Monica Fernandez graduated from the University of California, Irvine, cum laude with a BA in English with an emphasis on Creative Writing, and from City University London with a MA in Creative Writing and Publishing. Her short fiction and creative nonfiction have been published in The Chaffey Review, Rind Literary Magazine, Scribendi, The Left Coast Review, Creepy Gnome, and Pure Slush Magazine’s Envy anthology. She is Filipino-American, a proud Hufflepuff, and a film and theatre enthusiast.
Tobi Harper is Deputy Director of Red Hen Press, Founder and Editor of Quill, Publisher of the Los Angeles Review, and Instructor in the UCLA Extension Writers’ Program for Publishing and Editing. Tobi specialized in queer theory and literature of the environment throughout their academic studies, culminating in the master’s thesis: “‘What is it?’: Examining Narrative Shifts in Twentieth-Century Genderqueer Novels.” As a genderqueer and neurodivergent speaker, event curator, literary warrior, tech wiz, and jello wrestler, Tobi enjoys the diversity of experiences that life has to offer.
Dana Johnson is the author of the short story collection In the Not Quite Dark. She is also the author of Break Any Woman Down, winner of the Flannery O’Connor Award for Short Fiction, and the novel Elsewhere, California. Both books were nominees for the Hurston/Wright Legacy Award. Her work has appeared in Ploughshares, Zyzzyva, The Paris Review, Callaloo, and The Iowa Review and has been included in several anthologies. Among her latest work is Trailblazer: Delilah Beasley’s California, a fictionalized account of the life of African American historian and scholar Delilah Beasley. Born and raised in and around Los Angeles, Johnson is a professor of English at the University of Southern California.
Gavin Jones is the Frederick P. Rehmus Family Professor of Humanities at Stanford University, where he teaches courses on nineteenth- and twentieth-century American literature. His scholarly interests include the politics of language, the representation of poverty and social class, and the curious obsession of American writers with personal failure. Jones’s most recent book is Reclaiming John Steinbeck: Writing for the Future of Humanity, and he is co-editing The Cambridge Companion to the American Short Story. He is currently working on two projects: a monograph on the short story, provisionally titled The Secret History of the Short Story, and a book about Zora Neale Hurston.

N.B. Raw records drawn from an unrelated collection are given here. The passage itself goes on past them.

(* For every integer $n\geq 1$ there are integers $\gamma^S_{n,k}$, $0\le k\le\lfloor (n-1)/2\rfloor$, such that $$S_n(t):=\sum_{\pi\in\mathfrak{S}_n(2413,3142)}t^{\mathrm{des}(\pi)}=\sum_{k=0}^{\lfloor\frac{n-1}{2}\rfloor}\gamma_{n,k}^S\, t^k (1+t)^{n-1-2k},$$ where $$\gamma_{n,k}^S=\#\{\pi \in \mathfrak{S}_n(3142, 2413): \mathrm{dd}(\pi)=0,\ \mathrm{des}(\pi)=k\}.$$ In particular, the polynomial $S_n(t)$ is $\gamma$-positive for $n\geq 1$, and hence palindromic and unimodal.
   Context: $\mathfrak{S}_n$ is the set of permutations of $[n]=\{1,\dots,n\}$, written in one-line notation $\pi=\pi_1\cdots\pi_n$. A permutation $\pi$ contains a pattern $\sigma$ if some (not necessarily consecutive) subsequence of $\pi$ has the same relative order as $\sigma$; otherwise it avoids $\sigma$. $\mathfrak{S}_n(2413,3142)$ is the set of permutations in $\mathfrak{S}_n$ avoiding both $2413$ and $3142$ (separable permutations). With the convention $\pi_0=\pi_{n+1}=+\infty$, an index $i\in[n]$ is a descent if $\pi_i>\pi_{i+1}$ and a double descent if $\pi_{i-1}>\pi_i>\pi_{i+1}$; $\mathrm{des}(\pi)$ and $\mathrm{dd}(\pi)$ denote the numbers of descents and double descents. A polynomial is $\gamma$-positive of darga $m$ if it can be written as $\sum_k \gamma_k t^k(1+t)^{m-2k}$ with all $\gamma_k\ge 0$. A polynomial $\sum h_it^i$ is unimodal if $h_0\le\cdots\le h_c\ge h_{c+1}\ge\cdots$ for some $c$. *)

theory Defs
  imports "HOL-Combinatorics.Multiset_Permutations"
          "HOL-Computational_Algebra.Polynomial"
          "HOL-Library.Extended_Nat"
begin

text \<open>Permutations of [n] in one-line notation are lists w = [pi_1, ..., pi_n]
  (0-based list indexing: pi_i = w ! (i-1)).\<close>

definition contains_pattern :: "nat list \<Rightarrow> nat list \<Rightarrow> bool" where
  "contains_pattern w sigma \<longleftrightarrow>
     (\<exists>is. length is = length sigma \<and> sorted_wrt (<) is \<and> (\<forall>j\<in>set is. j < length w) \<and>
       (\<forall>a<length sigma. \<forall>b<length sigma. (w ! (is ! a) < w ! (is ! b) \<longleftrightarrow> sigma ! a < sigma ! b)))"

definition avoids :: "nat list \<Rightarrow> nat list \<Rightarrow> bool" where
  "avoids w sigma \<longleftrightarrow> \<not> contains_pattern w sigma"

definition separable_perms :: "nat \<Rightarrow> nat list set" where
  "separable_perms n = {w \<in> permutations_of_set {1..n}. avoids w [2,4,1,3] \<and> avoids w [3,1,4,2]}"

definition pval :: "nat list \<Rightarrow> nat \<Rightarrow> enat" where
  "pval w i = (if 1 \<le> i \<and> i \<le> length w then enat (w ! (i - 1)) else \<infinity>)"

definition des :: "nat list \<Rightarrow> nat" where
  "des w = card {i \<in> {1..length w}. pval w i > pval w (i + 1)}"

definition dd :: "nat list \<Rightarrow> nat" where
  "dd w = card {i \<in> {1..length w}. pval w (i - 1) > pval w i \<and> pval w i > pval w (i + 1)}"

definition S_poly :: "nat \<Rightarrow> int poly" where
  "S_poly n = (\<Sum>w\<in>separable_perms n. monom 1 (des w))"

definition gammaS :: "nat \<Rightarrow> nat \<Rightarrow> nat" where
  "gammaS n k = card {w \<in> separable_perms n. dd w = 0 \<and> des w = k}"

definition gamma_positive :: "int poly \<Rightarrow> nat \<Rightarrow> bool" where
  "gamma_positive p m \<longleftrightarrow>
     (\<exists>g :: nat \<Rightarrow> int. (\<forall>k. g k \<ge> 0) \<and>
        p = (\<Sum>k\<in>{0..m div 2}. smult (g k) (monom 1 k * [:1, 1:] ^ (m - 2 * k))))"

definition palindromic :: "int poly \<Rightarrow> nat \<Rightarrow> bool" where
  "palindromic p m \<longleftrightarrow> degree p \<le> m \<and> (\<forall>i\<le>m. coeff p i = coeff p (m - i))"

Marcus Omari is a dedicated poet, writer and performer. He has been a featured poet on VERSES & FLOW on TV One, has authored several poetry chapbooks, and has contributed poetic vocals for various multi-genre music albums. His interests include fellowship at the intersection of arts, advocacy, entrepreneurship and whole-hearted artistic wellness. A self-proclaimed Baldwinite, Omari now lives and teaches in Orange County, California, as part of the Santa Ana Unified School District’s LitCon Creative Arts program and coordinates the regional Poetry Out Loud program.
Eric Scot Tryon is a writer from San Francisco and earned his MFA at Chapman University. His work has appeared or is forthcoming in Glimmer Train, The Los Angeles Review, Willow Springs, Berkeley Fiction Review, Pithead Chapel, Monkeybicycle, and many others. His work has also recently been nominated for the Best Small Fictions and Best of the Net anthologies. Tryon is the Founding Editor of the literary magazine Flash Frog.